- EXERCISE DESCRIPTION -
Only the lines that include "surd" should be copied from the data below.

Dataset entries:
* * * *
definition weight :: "bool list \<Rightarrow> nat" where
  "weight x = length (filter id x)"

definition XOR :: "bool list \<Rightarrow> bool" where
  "XOR x = odd (weight x)"

definition Majority :: "bool list \<Rightarrow> bool" where
  "Majority x = (2 * weight x > length x)"

definition hdist :: "bool list \<Rightarrow> bool list \<Rightarrow> nat" where
  "hdist x y = card {i. i < length x \<and> x ! i \<noteq> y ! i}"

definition flip :: "nat \<Rightarrow> bool list \<Rightarrow> bool list" where
  "flip i x = x[i := \<not> x ! i]"

definition is_mapping :: "nat \<Rightarrow> (bool list \<Rightarrow> bool) \<Rightarrow> (bool list \<Rightarrow> bool)
    \<Rightarrow> (bool list \<Rightarrow> bool list) \<Rightarrow> bool" where
  "is_mapping n f g psi \<longleftrightarrow> bij_betw psi (cube n) (cube n) \<and>
     (\<forall>z \<in> cube n. f z = g (psi z))"

definition avgStretch :: "nat \<Rightarrow> (bool list \<Rightarrow> bool list) \<Rightarrow> real" where
  "avgStretch n phi = (\<Sum>x\<in>cube n. \<Sum>i<n. real (hdist (phi x) (phi (flip i x))))
      / (2 ^ n * real n)"

definition lipschitz_on_cube :: "nat \<Rightarrow> real \<Rightarrow> (bool list \<Rightarrow> bool list) \<Rightarrow> bool" where
  "lipschitz_on_cube n C psi \<longleftrightarrow>
     (\<forall>x\<in>cube n. \<forall>y\<in>cube n. real (hdist (psi x) (psi y)) \<le> C * real (hdist x y))"

end

theory Submission
  imports Defs
begin

text \<open>Flipping one input bit changes XOR, so a mapping \<open>\<phi>\<close> from XOR to Majority must move the
  image across the majority threshold along every edge; each of the \<open>n\<close> edges at \<open>x\<close> is therefore
  stretched by at least \<open>|bias (\<phi> x)|/2\<close>, where \<open>bias y = 2 weight y - n\<close>. As \<open>\<phi>\<close> is a bijection
  the average stretch is at least \<open>E|bias|/2\<close> over the uniform cube, and the moments
  \<open>E bias\<^sup>2 = n\<close>, \<open>E bias\<^sup>4 = 3n\<^sup>2 - 2n\<close> force \<open>E|bias| \<ge> \<surd>n/8\<close> (average
  \<open>y\<^sup>2 \<le> t|y| + y\<^sup>4/t\<^sup>2\<close> with \<open>t = 2\<surd>n\<close>).

  Conversely, send \<open>z\<close> to its adjacent differences \<open>z\<^sub>i + z\<^sub>i\<^sub>+\<^sub>1\<close> (\<open>i < n - 1\<close>) followed by
  \<open>Maj z + z\<^sub>0 + z\<^sub>n\<^sub>-\<^sub>1\<close>. The parity of the image telescopes to \<open>Maj z\<close>; the differences
  determine \<open>z\<close> up to complementation, which for odd \<open>n\<close> flips Majority; and flipping one
  input bit changes at most two differences and the last bit.\<close>

lemma finite_cube [simp]: "finite (cube n)"
  using finite_lists_length_eq[of "UNIV :: bool set" n] by (simp add: cube_def)

lemma card_cube: "card (cube n) = 2 ^ n"
  using card_lists_length_eq[of "UNIV :: bool set" n] by (simp add: cube_def)

lemma cube_Suc: "cube (Suc n) = Cons True ` cube n \<union> Cons False ` cube n"
  by (auto simp: cube_def length_Suc_conv image_iff)

lemma sum_cube_Suc: "(\<Sum>x\<in>cube (Suc n). f x) = (\<Sum>x\<in>cube n. f (True # x) + f (False # x))"
proof -
  have "(\<Sum>x\<in>cube (Suc n). f x) = sum f (Cons True ` cube n) + sum f (Cons False ` cube n)"
    unfolding cube_Suc by (rule sum.union_disjoint) auto
  then show ?thesis
    by (simp add: sum.reindex sum.distrib)
qed
(* Let $\sigma_0$ be uniform on $Q$ and $m(k)=\mathbf E[\sigma_0^k]$ for $k\in\{0,1,\dots\}$. Let $v_1,\dots,v_k\in\mathsf V$ be distinct and $r_1,\dots,r_k\in\{0,1,\dots\}$. Then $$\mathbf E\big[\sigma(v_1)^{r_1}\cdots\sigma(v_k)^{r_k}\big]=\sum_{\mathcal P}\mathbf P(\pi(\omega)=\mathcal P)\prod_{A\in\mathcal P}m\Big(\sum_{v_j\in A}r_j\Big),$$ where the sum runs over all partitions $\mathcal P$ of $\{v_1,\dots,v_k\}$ such that $\sum_{v_j\in A}r_j$ is even for every $A\in\mathcal P$. In particular $\mathbf E[\sigma(v_1)\sigma(v_2)]=m(2)\,\mathbf P(v_1\leftrightarrow v_2)$, where $\{v_1\leftrightarrow v_2\}$ is the event that $v_1$ and $v_2$ lie in the same cluster of $\omega$.
   Context: Let $M$ be a compact orientable surface without boundary, or the plane. Let $\mathsf G=(\mathsf V,\mathsf E)$ be a finite connected graph embedded in $M$ with all faces topological discs, and $\mathsf G^*=(\mathsf U,\mathsf E^* )$ its embedded dual ($\mathsf U$ = faces of $\mathsf G$); $e^*$ is the dual edge crossing $e$, $\xi^*=\{e^*:e\in\xi\}$. Fix integers $q,q'\ge1$, finite $Q\subset\mathbb R$, $Q'\subset\mathbb C$ with $Q=-Q$, $Q'=-Q'$, $|Q|=q$, $|Q'|=q'$, and $a,b\in(0,1]$. For $\sigma:\mathsf V\to Q$, $\eta(\sigma)\subseteq\mathsf E^*$ is the set of $e^*$ whose primal $e$ has endpoints with different $\sigma$-values; for $\sigma':\mathsf U\to Q'$, $\eta(\sigma')\subseteq\mathsf E$ is the set of $e$ whose dual $e^*$ has endpoints with different $\sigma'$-values. $\mathbf P(\sigma,\sigma')\propto a^{|\eta(\sigma')|}b^{|\eta(\sigma)|}$ on $\Sigma=\{(\sigma,\sigma'):\eta(\sigma)^*\cap\eta(\sigma')=\emptyset\}$. Percolation: given $(\sigma,\sigma')$, every edge of $\eta(\sigma')$ and every dual edge of $\eta(\sigma)$ is open; for each pair $(e,e^* )$ with $e\notin\eta(\sigma')$, $e^*\notin\eta(\sigma)$, independently: if $a+b\le1$, ($e$ open, $e^*$ closed) w.p. $a$, ($e$ closed, $e^*$ open) w.p. $b$, both open w.p. $1-a-b$; if $a+b\ge1$, ($e$ open, $e^*$ closed) w.p. $1-b$, ($e$ closed, $e^*$ open) w.p. $1-a$, both closed w.p. $a+b-1$. $\omega$ is the set of open primal edges; $\mathbf P,\mathbf E$ refer to the joint law. Clusters of $\omega$ are the connected components of $(\mathsf V,\omega)$, and $\pi(\omega)$ is the partition of $\{v_1,\dots,v_k\}$ induced by the clusters of $\omega$. *)

theory Defs
  imports Complex_Main "HOL-Library.FuncSet" "HOL-Library.Disjoint_Sets"
begin

(* A cellularly embedded connected graph on a compact orientable surface is encoded
   (equivalently, by the Heffter-Edmonds-Ringel rotation principle) by a combinatorial map:
   a finite set D of darts (half-edges), a fixed-point-free involution alpha (the two darts
   of an edge) and a permutation phi (rotation of darts around a vertex).
   The dual edge e* of the edge {d, alpha d} joins the faces of d and alpha d; we index
   dual edges by their primal edge. *)

definition orb :: "('d \<Rightarrow> 'd) \<Rightarrow> 'd \<Rightarrow> 'd set" where
  "orb f d = range (\<lambda>n. (f ^^ n) d)"

definition verts :: "'d set \<Rightarrow> ('d \<Rightarrow> 'd) \<Rightarrow> 'd set set" where
  "verts D \<phi> = orb \<phi> ` D"

definition faces :: "'d set \<Rightarrow> ('d \<Rightarrow> 'd) \<Rightarrow> ('d \<Rightarrow> 'd) \<Rightarrow> 'd set set" where
  "faces D \<alpha> \<phi> = orb (\<phi> \<circ> \<alpha>) ` D"

definition edges :: "'d set \<Rightarrow> ('d \<Rightarrow> 'd) \<Rightarrow> 'd set set" where
  "edges D \<alpha> = (\<lambda>d. {d, \<alpha> d}) ` D"

definition comb_map :: "'d set \<Rightarrow> ('d \<Rightarrow> 'd) \<Rightarrow> ('d \<Rightarrow> 'd) \<Rightarrow> bool" where
  "comb_map D \<alpha> \<phi> \<longleftrightarrow> finite D \<and> D \<noteq> {} \<and> bij_betw \<alpha> D D \<and> bij_betw \<phi> D D \<and>
     (\<forall>d\<in>D. \<alpha> (\<alpha> d) = d \<and> \<alpha> d \<noteq> d) \<and>
     (\<forall>d\<in>D. \<forall>d'\<in>D. (d, d') \<in> ({(x, \<alpha> x) | x. x \<in> D} \<union> {(x, \<phi> x) | x. x \<in> D})\<^sup>*)"

definition eta_spin :: "'d set \<Rightarrow> ('d \<Rightarrow> 'd) \<Rightarrow> ('d \<Rightarrow> 'd) \<Rightarrow> ('d set \<Rightarrow> real) \<Rightarrow> 'd set set" where
  "eta_spin D \<alpha> \<phi> \<sigma> = {{d, \<alpha> d} | d. d \<in> D \<and> \<sigma> (orb \<phi> d) \<noteq> \<sigma> (orb \<phi> (\<alpha> d))}"
lemma integral_density_additive:
  fixes u :: "'a \<Rightarrow> real" and v :: "'b \<Rightarrow> real"
  assumes sets: "sets P = sets (MX \<Otimes>\<^sub>M MY)" and P: "P = density M (\<lambda>z. ennreal (p z))"
    and p: "p \<in> borel_measurable M" "\<forall>z\<in>space M. 0 \<le> p z"
    and h: "h \<in> borel_measurable M" and AE: "AE z in M. h z = u (fst z) + v (snd z)"
    and u: "integrable (marg_X MX P) u" and v: "integrable (marg_Y MY P) v"
  shows "integrable M (\<lambda>z. p z * h z)"
    and "(\<integral>z. p z * h z \<partial>M) = (\<integral>x. u x \<partial>marg_X MX P) + (\<integral>y. v y \<partial>marg_Y MY P)"
proof -
  have sets_M: "sets M = sets P"
    using P by simp
  have p_nn: "AE z in M. 0 \<le> p z"
    using p(2) by (simp add: AE_I2)
  have hP: "h \<in> borel_measurable P"
    using h by (simp add: measurable_cong_sets[OF sets_M refl])
  note uv = integral_additive_marginals[OF sets u v]
  have AEP: "AE z in P. h z = u (fst z) + v (snd z)"
    unfolding P using AE p(1) by (subst AE_density) auto
  have "integrable P h"
    using integrable_cong_AE_imp[OF uv(1) hP] AEP by (simp add: eq_commute)
  then show "integrable M (\<lambda>z. p z * h z)"
    using integrable_density[OF h p(1) p_nn] P by simp
  have "(\<integral>z. p z * h z \<partial>M) = (\<integral>z. h z \<partial>P)"
    using integral_density[OF h p(1) p_nn] P by simp
  also have "\<dots> = (\<integral>z. u (fst z) + v (snd z) \<partial>P)"
    using AEP by (rule integral_cong_AE[OF hP borel_measurable_integrable[OF uv(1)]])
  finally show "(\<integral>z. p z * h z \<partial>M) = (\<integral>x. u x \<partial>marg_X MX P) + (\<integral>y. v y \<partial>marg_Y MY P)"
    using uv(2) by simp
qed
lemma bloch_bound_divide_by_z_powr:
  assumes "0 \<le> \<gamma>" "\<gamma> < 1" "z \<in> ball 0 1"
  shows "(1 - (cmod z)^2) * cmod (divide_by_z f z) \<le> 4 / (1 - \<gamma>) * M * (1 - cmod z) powr \<gamma>"
proof (cases "cmod z \<le> 1/2")
  case True
  have "1/2 \<le> (1 - cmod z) powr 1"
    using True by simp
  also have "\<dots> \<le> (1 - cmod z) powr \<gamma>"
    using assms by (intro powr_mono') auto
  finally have "1 \<le> 4 / (1 - \<gamma>) * (1 - cmod z) powr \<gamma>"
    using assms by (simp add: field_simps)
  from mult_left_mono[OF this bloch_bound_nonneg] bloch_bound_divide_by_z[OF assms(3)]
  show ?thesis by (simp add: mult_ac)
next
  case False
  define r where "r = cmod z"
  have r: "1/2 < r" "r < 1" using False assms(3) by (auto simp: r_def)
  have "(1 - (cmod z)^2) * cmod (divide_by_z f z) = (1 - r^2) / r * cmod (f z)"
    using r by (auto simp: r_def divide_by_z_def norm_divide)
  also have "\<dots> \<le> 4 * (1 - r) * (M / (1 - \<gamma>) * (1 - r) powr (\<gamma> - 1))"
  proof (rule mult_mono)
    have "1 - r^2 = (1 - r) * (1 + r)" by (simp add: power2_eq_square algebra_simps)
    also have "\<dots> \<le> (1 - r) * (4 * r)" using r by (intro mult_left_mono) auto
    finally show "(1 - r^2) / r \<le> 4 * (1 - r)" using r by (simp add: pos_divide_le_eq mult_ac)
    show "cmod (f z) \<le> M / (1 - \<gamma>) * (1 - r) powr (\<gamma> - 1)"
      using bloch_bound_growth_powr[OF assms] by (simp add: r_def)
  qed (use r in auto)
  also have "\<dots> = 4 / (1 - \<gamma>) * M * ((1 - r) powr (\<gamma> - 1) * (1 - r))"
    by (simp add: mult_ac)
  also have "(1 - r) powr (\<gamma> - 1) * (1 - r) = (1 - r) powr \<gamma>"
    using r powr_add[of "1 - r" "\<gamma> - 1" 1] by simp
  finally show ?thesis by (simp add: r_def)
qed

lemma bloch_bound_cesaro_deriv:
  assumes "\<beta> < 1" "z \<in> ball 0 1"
  shows "(1 - (cmod z)^2) * cmod (cesaro_deriv \<beta> f z) \<le> cesaro_norm_bound \<beta> * M"
proof -
  have dist_1: "1 - cmod z \<le> cmod (1 - z)" "cmod (1 - z) \<le> 2"
    using norm_triangle_ineq2[of 1 z] norm_triangle_ineq4[of 1 z] assms(2) by auto
  have pos: "0 < 1 - cmod z" using assms(2) by simp
  then have "0 < cmod (1 - z)"
    using dist_1 by linarith
  then have "0 < cmod (1 - z) powr \<beta>"
    by simp
  moreover have "(1 - (cmod z)^2) * cmod (divide_by_z f z)
      \<le> cesaro_norm_bound \<beta> * M * cmod (1 - z) powr \<beta>"
  proof (cases "0 < \<beta>")
    case True
    have "(1 - (cmod z)^2) * cmod (divide_by_z f z) \<le> 4 / (1 - \<beta>) * M * (1 - cmod z) powr \<beta>"
      using assms True by (intro bloch_bound_divide_by_z_powr) auto
    also have "\<dots> \<le> 4 / (1 - \<beta>) * M * cmod (1 - z) powr \<beta>"
      using True dist_1 pos assms(1) bloch_bound_nonneg by (intro mult_left_mono powr_mono2) auto
    finally show ?thesis
      using True by (simp add: cesaro_norm_bound_def)
  next
    case False
    have "1 = 2 powr - \<beta> * 2 powr \<beta>"
      by (simp add: powr_add[symmetric])
    also have "\<dots> \<le> 2 powr - \<beta> * cmod (1 - z) powr \<beta>"
      using False dist_1 pos by (intro mult_left_mono powr_mono2') auto
    finally have "M \<le> 2 powr - \<beta> * M * cmod (1 - z) powr \<beta>"
      using mult_left_mono[OF _ bloch_bound_nonneg] by (fastforce simp: mult_ac)
    with bloch_bound_divide_by_z[OF assms(2)] show ?thesis
      using False by (simp add: cesaro_norm_bound_def)
  qed
  ultimately show ?thesis
    by (simp add: cesaro_deriv_def norm_divide norm_powr_real_powr' pos_divide_le_eq mult_ac)
qed

end

lemma bloch_set_1:
  "bloch_set 1 f = {(1 - (cmod z)^2) * cmod (deriv f z) | z. z \<in> ball 0 1}"
proof -
  have "(1 - (cmod z)^2) powr 1 = 1 - (cmod z)^2" if "z \<in> ball 0 1" for z :: complex
    using that by (simp add: abs_square_less_1 less_imp_le)
  then show ?thesis
    unfolding bloch_set_def by force
qed

lemma bloch_norm_upper:
  assumes "f \<in> bloch_space 1" "z \<in> ball 0 1"
  shows "(1 - (cmod z)^2) * cmod (deriv f z) \<le> bloch_norm 1 f"
  unfolding bloch_norm_def
  by (rule cSup_upper) (use assms in \<open>auto simp: bloch_set_1 bloch_space_def\<close>)
(* Assume the processes $\sigma_n$ satisfy hypotheses (12) and (13) below. Fix a finite $T>0$ and a point $b\in\mathbb R^d$ with $b>0$. Then with probability one there exist a random $N<\infty$ and a random point $a\in\mathbb R^d$ such that $$\sigma_n(nx,nt)=\sup_{y\in[a,x]}\{\sigma_n(ny,0)+\mathbf H((ny,0),(nx,nt))\}$$ for all $x\in[-b,b]$, $t\in(0,T]$ and $n\ge N$.
   Context: Order: for $x,y\in\mathbb R^\nu$, $x\le y$ iff $x_i\le y_i$ for all $i$, $x<y$ iff $x_i<y_i$ for all $i$; $[a,x]=\{y:a\le y\le x\}$; $|x|_\infty=\max_i|x_i|$; $d\ge2$. $\mathbb Z^*=\mathbb Z\cup\{\pm\infty\}$. The state space $\Sigma$ is the set of functions $\sigma:\mathbb R^d\to\mathbb Z^*$ such that (i) $x\le y$ implies $\sigma(x)\le\sigma(y)$; (ii) for every cube $[-q\mathbf 1,q\mathbf 1]$ there are finite partitions $-q=s_i^0<\dots<s_i^{m_i}=q$ of each coordinate axis such that $\sigma$ is constant on each rectangle $\prod_i[s_i^{k_i},s_i^{k_i+1})$; (iii) for every $b\in\mathbb R^d$, $\lim_{M\to\infty}\sup\{|y|_\infty^{-d/(d+1)}\sigma(y):y\le b,|y|_\infty\ge M\}=-\infty$. A rate-one Poisson point process on $\mathbb R^d\times(0,\infty)$ is given; $\mathbf H((y,0),(x,t))$ is the maximal number of Poisson points on a strictly increasing chain (coordinatewise order in $\mathbb R^{d+1}$) in $\{(\eta,s):y<\eta\le x,0<s\le t\}$. Random initial states $\sigma_n(\cdot,0)\in\Sigma$ are given on the same probability space, and $\sigma_n(x,t)=\sup_{y\le x}\{\sigma_n(y,0)+\mathbf H((y,0),(x,t))\}$ for $t>0$. Hypotheses: $u_0:\mathbb R^d\to\mathbb R$ is nondecreasing, locally Lipschitz, with $\lim_{M\to\infty}\sup\{|y|_\infty^{-d/(d+1)}u_0(y):y\le b',|y|_\infty\ge M\}=-\infty$ for every $b'$; (12) for every $y$, $n^{-1}\sigma_n(ny,0)\to u_0(y)$ a.s.; (13) for every $b'\in\mathbb R^d$ and $C>0$, a.s. there exist finite random $M,N>0$ such that $n\ge N$, $y\le b'$, $|y|_\infty\ge M$ imply $\sigma_n(ny,0)\le -Cn|y|_\infty^{d/(d+1)}$. *)

theory Defs
  imports "HOL-Analysis.Analysis" "HOL-Probability.Probability"
begin

definition vless :: "real^'d \<Rightarrow> real^'d \<Rightarrow> bool" where
  "vless x y \<longleftrightarrow> (\<forall>i. x $ i < y $ i)"

definition supnorm :: "real^'d \<Rightarrow> real" where
  "supnorm x = Max (range (\<lambda>i. \<bar>x $ i\<bar>))"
* * * *
- SOLUTION FOR THIS TASK -
  \<open>E bias\<^sup>2 = n\<close>, \<open>E bias\<^sup>4 = 3n\<^sup>2 - 2n\<close> force \<open>E|bias| \<ge> \<surd>n/8\<close> (average
  \<open>y\<^sup>2 \<le> t|y| + y\<^sup>4/t\<^sup>2\<close> with \<open>t = 2\<surd>n\<close>).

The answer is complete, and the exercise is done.